lemma minimax_pdists:
  fixes \<phi> :: "('y::finite \<Rightarrow> real) \<Rightarrow> 'x::finite \<Rightarrow> real"
  assumes convex: "\<And>p1 p2 u w x. p1 \<in> pdists \<Longrightarrow> p2 \<in> pdists \<Longrightarrow> 0 \<le> u \<Longrightarrow> 0 \<le> w \<Longrightarrow> u + w = 1 \<Longrightarrow>
      \<phi> (\<lambda>y. u * p1 y + w * p2 y) x \<le> u * \<phi> p1 x + w * \<phi> p2 x"
    and max_ge: "\<And>p. p \<in> pdists \<Longrightarrow> \<exists>x. v \<le> \<phi> p x"
  shows "\<exists>q\<in>pdists. \<forall>p\<in>pdists. v \<le> (\<Sum>x\<in>UNIV. q x * \<phi> p x)"
proof -
  define U where "U = {z :: real^'x. \<exists>p\<in>pdists. \<forall>x. \<phi> p x - v < z$x}"
  have above: "(\<chi> x. \<phi> p x - v + e) \<in> U" if "p \<in> pdists" "0 < e" for p e
    using that by (auto simp: U_def intro!: bexI[of _ p])
  have "convex U"
  proof (rule convexI)
    fix z1 z2 :: "real^'x" and u w :: real
    assume "z1 \<in> U" "z2 \<in> U" and uw: "0 \<le> u" "0 \<le> w" "u + w = 1"
    then obtain p1 p2 where p: "p1 \<in> pdists" "p2 \<in> pdists"
      and z: "\<And>x. \<phi> p1 x - v < z1$x" "\<And>x. \<phi> p2 x - v < z2$x" by (auto simp: U_def)
    have "\<phi> (\<lambda>y. u * p1 y + w * p2 y) x - v < (u *\<^sub>R z1 + w *\<^sub>R z2)$x" for x
    proof -
      have "u * (\<phi> p1 x - v) + w * (\<phi> p2 x - v) < u * z1$x + w * z2$x"
        using uw z[of x] by (smt (verit) mult_left_mono mult_strict_left_mono)
      moreover have "u * (\<phi> p1 x - v) + w * (\<phi> p2 x - v) = u * \<phi> p1 x + w * \<phi> p2 x - (u + w) * v"
        by (simp add: algebra_simps)
      ultimately show ?thesis using convex[OF p uw, of x] uw(3) by simp
    qed
    then show "u *\<^sub>R z1 + w *\<^sub>R z2 \<in> U" using p uw by (auto simp: U_def intro!: convex_comb_in_pdists)
  qed
  moreover have "0 \<notin> U"
  proof
    assume "0 \<in> U"
    then obtain p where "p \<in> pdists" "\<And>x. \<phi> p x < v" by (auto simp: U_def)
    with max_ge show False by (meson not_less)
  qed
  moreover have "\<And>z z'. z \<in> U \<Longrightarrow> (\<And>x. z$x \<le> z'$x) \<Longrightarrow> z' \<in> U"
    unfolding U_def by (blast intro: less_le_trans)
  ultimately obtain q where q: "q \<in> pdists" and sep: "\<forall>z\<in>U. 0 \<le> (\<Sum>x\<in>UNIV. q x * z$x)"
    using pdist_separating_upward_closed above[OF uniform_in_pdists zero_less_one] by blast
  have "v \<le> (\<Sum>x\<in>UNIV. q x * \<phi> p x)" if p: "p \<in> pdists" for p
  proof (rule field_le_epsilon)
    fix e :: real assume "0 < e"
    then have "0 \<le> (\<Sum>x\<in>UNIV. q x * (\<phi> p x - v + e))" using sep above[OF p] by fastforce
    also have "\<dots> = (\<Sum>x\<in>UNIV. q x * \<phi> p x) - v + e"
      using q by (simp add: pdists_def algebra_simps sum.distrib sum_subtractf flip: sum_distrib_left)
    finally show "v \<le> (\<Sum>x\<in>UNIV. q x * \<phi> p x) + e" by simp
  qed
  then show ?thesis using q by blast
qed

lemma min_G_zero_le_Rmax:
  fixes d :: "'x::finite \<Rightarrow> 'y::finite \<Rightarrow> real"
  assumes P: "P \<in> pdists" and d: "\<forall>x y. 0 \<le> d x y" and \<nu>: "0 \<le> \<nu>"
  shows "ereal (min_G d P 0 \<nu> - \<nu> * \<Delta>) \<le> Rmax d \<Delta>"
proof -
  have "\<exists>q\<in>pdists. \<forall>pY\<in>(pdists :: ('y \<Rightarrow> real) set).
          min_G d P 0 \<nu> \<le> (\<Sum>x\<in>UNIV. q x * - ln (tilt d pY \<nu> x))"
  proof (rule minimax_pdists)
    fix p1 p2 :: "'y \<Rightarrow> real" and u w :: real and x
    assume "p1 \<in> pdists" "p2 \<in> pdists" "0 \<le> u" "0 \<le> w" "u + w = 1"
    then show "- ln (tilt d (\<lambda>y. u * p1 y + w * p2 y) \<nu> x) \<le> u * - ln (tilt d p1 \<nu> x) + w * - ln (tilt d p2 \<nu> x)"
      by (simp only: tilt_convex_comb) (intro neg_ln_convex_comb tilt_pos)
  next
    fix pY :: "'y \<Rightarrow> real" assume "pY \<in> pdists"
    moreover obtain x0 where "Min (range (tilt d pY \<nu>)) = tilt d pY \<nu> x0"
      using Min_range_attained by blast
    ultimately have "min_G d P 0 \<nu> \<le> - ln (tilt d pY \<nu> x0)"
      using min_G_le[OF P _ _ \<nu> d] by (fastforce simp: G_zero_eq)
    then show "\<exists>x. min_G d P 0 \<nu> \<le> - ln (tilt d pY \<nu> x)" by blast
  qed
  then obtain q where q: "q \<in> pdists"
    and minimax: "\<And>pY. pY \<in> pdists \<Longrightarrow> min_G d P 0 \<nu> \<le> (\<Sum>x\<in>UNIV. q x * - ln (tilt d pY \<nu> x))"
    by blast
  have "ereal (min_G d P 0 \<nu> - \<nu> * \<Delta>) \<le> RD d \<Delta> q"
    unfolding RD_def
  proof (rule INF_greatest)
    fix V assume "V \<in> {V \<in> channels. avg_dist q V d \<le> \<Delta>}"
    then have V: "V \<in> channels" and "avg_dist q V d \<le> \<Delta>" by auto
    then have "\<nu> * avg_dist q V d \<le> \<nu> * \<Delta>" using \<nu> by (intro mult_left_mono)
    moreover have "min_G d P 0 \<nu> \<le> mutual_info q V + \<nu> * avg_dist q V d"
      using minimax[OF out_dist_in_pdists[OF q V]] expected_neg_ln_tilt_le_mutual_info[OF q V, of d \<nu>]
      by linarith
    ultimately show "ereal (min_G d P 0 \<nu> - \<nu> * \<Delta>) \<le> ereal (mutual_info q V)" by simp
  qed
  also have "\<dots> \<le> Rmax d \<Delta>" unfolding Rmax_def using q by (rule SUP_upper)
  finally show ?thesis .
qed

text \<open>The duality between the two sides only uses these properties of \<open>L\<close> (the minimised logarithmic
  moment), \<open>Gm\<close> (the minimised \<open>G\<close>) and \<open>Rm\<close> (the maximal rate).\<close>
locale exponent_duality =
  fixes L Gm :: "real \<Rightarrow> real \<Rightarrow> real" and Rm :: ereal and \<Delta> E :: real
  assumes Gm_scale: "\<And>\<mu> \<nu>. 0 < \<mu> \<Longrightarrow> 0 \<le> \<nu> \<Longrightarrow> Gm \<mu> \<nu> = \<mu> * L (1/\<mu>) \<nu>"
    and L_le_Gm_zero: "\<And>\<rho> \<nu>. 0 < \<rho> \<Longrightarrow> 0 \<le> \<nu> \<Longrightarrow> L \<rho> \<nu> \<le> \<rho> * Gm 0 \<nu>"
    and L_nonneg_at_zero: "\<And>\<rho>. 0 \<le> \<rho> \<Longrightarrow> 0 \<le> L \<rho> 0"
    and Gm_zero_le_Rm: "\<And>\<nu>. 0 \<le> \<nu> \<Longrightarrow> ereal (Gm 0 \<nu> - \<nu> * \<Delta>) \<le> Rm"
    and Rm_nonneg: "0 \<le> Rm"
    and E_nonneg: "0 \<le> E"
begin

definition exponent_le :: "real \<Rightarrow> bool" where
  "exponent_le R \<longleftrightarrow>
     (\<forall>\<rho>\<ge>0. ereal (\<rho> * R) + (INF \<nu>\<in>{0..}. ereal (\<rho> * \<nu> * \<Delta> - L \<rho> \<nu>)) \<le> ereal E)"

definition dual :: "real \<Rightarrow> ereal" where
  "dual \<mu> = (SUP \<nu>\<in>{0..}. ereal (\<mu> * E - \<nu> * \<Delta> + Gm \<mu> \<nu>))"

lemma exponent_le_zero: "exponent_le 0"
  unfolding exponent_le_def
proof (intro allI impI)
  fix \<rho> :: real assume "0 \<le> \<rho>"
  have "(INF \<nu>\<in>{0..}. ereal (\<rho> * \<nu> * \<Delta> - L \<rho> \<nu>)) \<le> ereal (\<rho> * 0 * \<Delta> - L \<rho> 0)"
    by (intro INF_lower) auto
  also have "\<dots> \<le> ereal E" using L_nonneg_at_zero[OF \<open>0 \<le> \<rho>\<close>] E_nonneg by simp
  finally show "ereal (\<rho> * 0) + (INF \<nu>\<in>{0..}. ereal (\<rho> * \<nu> * \<Delta> - L \<rho> \<nu>)) \<le> ereal E" by simp
qed

lemma le_dual_if_exponent_le:
  assumes R: "exponent_le R" and "0 \<le> \<mu>"
  shows "ereal R \<le> dual \<mu>"
  unfolding dual_def
proof (rule ereal_le_SUP_approx)
  fix e :: real assume e: "0 < e"
  have approx: "\<exists>\<nu>\<in>{0..}. \<rho> * R + (\<rho> * \<nu> * \<Delta> - L \<rho> \<nu>) < E + e'" if "0 \<le> \<rho>" "0 < e'" for \<rho> e'
    using R that by (intro ex_less_of_add_INF_le) (auto simp: exponent_le_def)
  show "\<exists>\<nu>\<in>{0..}. R < \<mu> * E - \<nu> * \<Delta> + Gm \<mu> \<nu> + e"
  proof (cases "\<mu> = 0")
    case True
    \<comment> \<open>\<open>\<mu> = 0\<close> is approached by letting \<open>\<rho>\<close> grow like \<open>1/e\<close>.\<close>
    define \<rho> where "\<rho> = (E + 1) / e"
    have \<rho>: "0 < \<rho>" "\<rho> * e = E + 1" using e E_nonneg by (auto simp: \<rho>_def)
    obtain \<nu> where \<nu>: "0 \<le> \<nu>" and lt: "\<rho> * R + (\<rho> * \<nu> * \<Delta> - L \<rho> \<nu>) < E + 1"
      using approx[of \<rho> 1] \<rho> by auto
    have "\<rho> * R < \<rho> * (Gm 0 \<nu> - \<nu> * \<Delta> + e)"
      using lt L_le_Gm_zero[OF \<rho>(1) \<nu>] \<rho>(2) by (simp add: algebra_simps)
    then show ?thesis using \<rho>(1) \<nu> True by auto
  next
    case False
    then have \<mu>: "0 < \<mu>" using \<open>0 \<le> \<mu>\<close> by simp
    have "0 \<le> 1/\<mu>" "0 < e/\<mu>" using \<mu> e by auto
    then obtain \<nu> where \<nu>: "0 \<le> \<nu>" and lt: "1/\<mu> * R + (1/\<mu> * \<nu> * \<Delta> - L (1/\<mu>) \<nu>) < E + e/\<mu>"
      using approx by blast
    moreover have "\<mu> * (1/\<mu> * R + (1/\<mu> * \<nu> * \<Delta> - L (1/\<mu>) \<nu>)) = R + \<nu> * \<Delta> - \<mu> * L (1/\<mu>) \<nu>"
      "\<mu> * (E + e/\<mu>) = \<mu> * E + e" using \<mu> by (simp_all add: algebra_simps)
    ultimately have "R + \<nu> * \<Delta> - \<mu> * L (1/\<mu>) \<nu> < \<mu> * E + e"
      using mult_strict_left_mono[OF lt \<mu>] by simp
    then show ?thesis using Gm_scale[OF \<mu> \<nu>] \<nu> by (intro bexI[of _ \<nu>]) auto
  qed
qed

lemma exponent_le_if_less_dual:
  assumes less: "\<And>\<mu>. 0 \<le> \<mu> \<Longrightarrow> ereal R < dual \<mu>"
  shows "exponent_le R"
  unfolding exponent_le_def
proof (intro allI impI)
  fix \<rho> :: real assume "0 \<le> \<rho>"
  show "ereal (\<rho> * R) + (INF \<nu>\<in>{0..}. ereal (\<rho> * \<nu> * \<Delta> - L \<rho> \<nu>)) \<le> ereal E"
  proof (cases "\<rho> = 0")
    case True
    have "ereal (0 * 0) + (INF \<nu>\<in>{0..}. ereal (0 * \<nu> * \<Delta> - L 0 \<nu>)) \<le> ereal E"
      using exponent_le_zero unfolding exponent_le_def by blast
    then show ?thesis using True by simp
  next
    case False
    then have \<rho>: "0 < \<rho>" using \<open>0 \<le> \<rho>\<close> by simp
    have "ereal R < dual (1/\<rho>)" using less \<rho> by simp
    then obtain \<nu> where \<nu>: "0 \<le> \<nu>" and lt: "R < 1/\<rho> * E - \<nu> * \<Delta> + Gm (1/\<rho>) \<nu>"
      by (auto simp: dual_def less_SUP_iff)
    have "\<rho> * (1/\<rho> * E - \<nu> * \<Delta> + Gm (1/\<rho>) \<nu>) = E - \<rho> * \<nu> * \<Delta> + L \<rho> \<nu>"
      using Gm_scale[of "1/\<rho>" \<nu>] \<rho> \<nu> by (simp add: algebra_simps)
    then have lt': "\<rho> * R + (\<rho> * \<nu> * \<Delta> - L \<rho> \<nu>) < E"
      using mult_strict_left_mono[OF lt \<rho>] by simp
    have "ereal (\<rho> * R) + (INF \<nu>\<in>{0..}. ereal (\<rho> * \<nu> * \<Delta> - L \<rho> \<nu>))
        \<le> ereal (\<rho> * R) + ereal (\<rho> * \<nu> * \<Delta> - L \<rho> \<nu>)"
      using \<nu> by (intro add_left_mono INF_lower) auto
    also have "\<dots> \<le> ereal E" using lt' by simp
    finally show ?thesis .
  qed
qed

lemma le_Rm_if_less_dual_zero:
  assumes "ereal R < dual 0"
  shows "ereal R \<le> Rm"
proof -
  obtain \<nu> where "0 \<le> \<nu>" "R < Gm 0 \<nu> - \<nu> * \<Delta>" using assms by (auto simp: dual_def less_SUP_iff)
  then show ?thesis using Gm_zero_le_Rm[of \<nu>] by (metis ereal_less_eq(3) less_imp_le order.trans)
qed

########

▶ _Work item_
Of the lines above, output exactly those from the line bearing "(1/\<mu>) \<nu>) <" through the line bearing "less \<rho> by simp", inclusive.

▶ _Expected answer_
    then obtain \<nu> where \<nu>: "0 \<le> \<nu>" and lt: "1/\<mu> * R + (1/\<mu> * \<nu> * \<Delta> - L (1/\<mu>) \<nu>) < E + e/\<mu>"
      using approx by blast
    moreover have "\<mu> * (1/\<mu> * R + (1/\<mu> * \<nu> * \<Delta> - L (1/\<mu>) \<nu>)) = R + \<nu> * \<Delta> - \<mu> * L (1/\<mu>) \<nu>"
      "\<mu> * (E + e/\<mu>) = \<mu> * E + e" using \<mu> by (simp_all add: algebra_simps)
    ultimately have "R + \<nu> * \<Delta> - \<mu> * L (1/\<mu>) \<nu> < \<mu> * E + e"
      using mult_strict_left_mono[OF lt \<mu>] by simp
    then show ?thesis using Gm_scale[OF \<mu> \<nu>] \<nu> by (intro bexI[of _ \<nu>]) auto
  qed
qed

lemma exponent_le_if_less_dual:
  assumes less: "\<And>\<mu>. 0 \<le> \<mu> \<Longrightarrow> ereal R < dual \<mu>"
  shows "exponent_le R"
  unfolding exponent_le_def
proof (intro allI impI)
  fix \<rho> :: real assume "0 \<le> \<rho>"
  show "ereal (\<rho> * R) + (INF \<nu>\<in>{0..}. ereal (\<rho> * \<nu> * \<Delta> - L \<rho> \<nu>)) \<le> ereal E"
  proof (cases "\<rho> = 0")
    case True
    have "ereal (0 * 0) + (INF \<nu>\<in>{0..}. ereal (0 * \<nu> * \<Delta> - L 0 \<nu>)) \<le> ereal E"
      using exponent_le_zero unfolding exponent_le_def by blast
    then show ?thesis using True by simp
  next
    case False
    then have \<rho>: "0 < \<rho>" using \<open>0 \<le> \<rho>\<close> by simp
    have "ereal R < dual (1/\<rho>)" using less \<rho> by simp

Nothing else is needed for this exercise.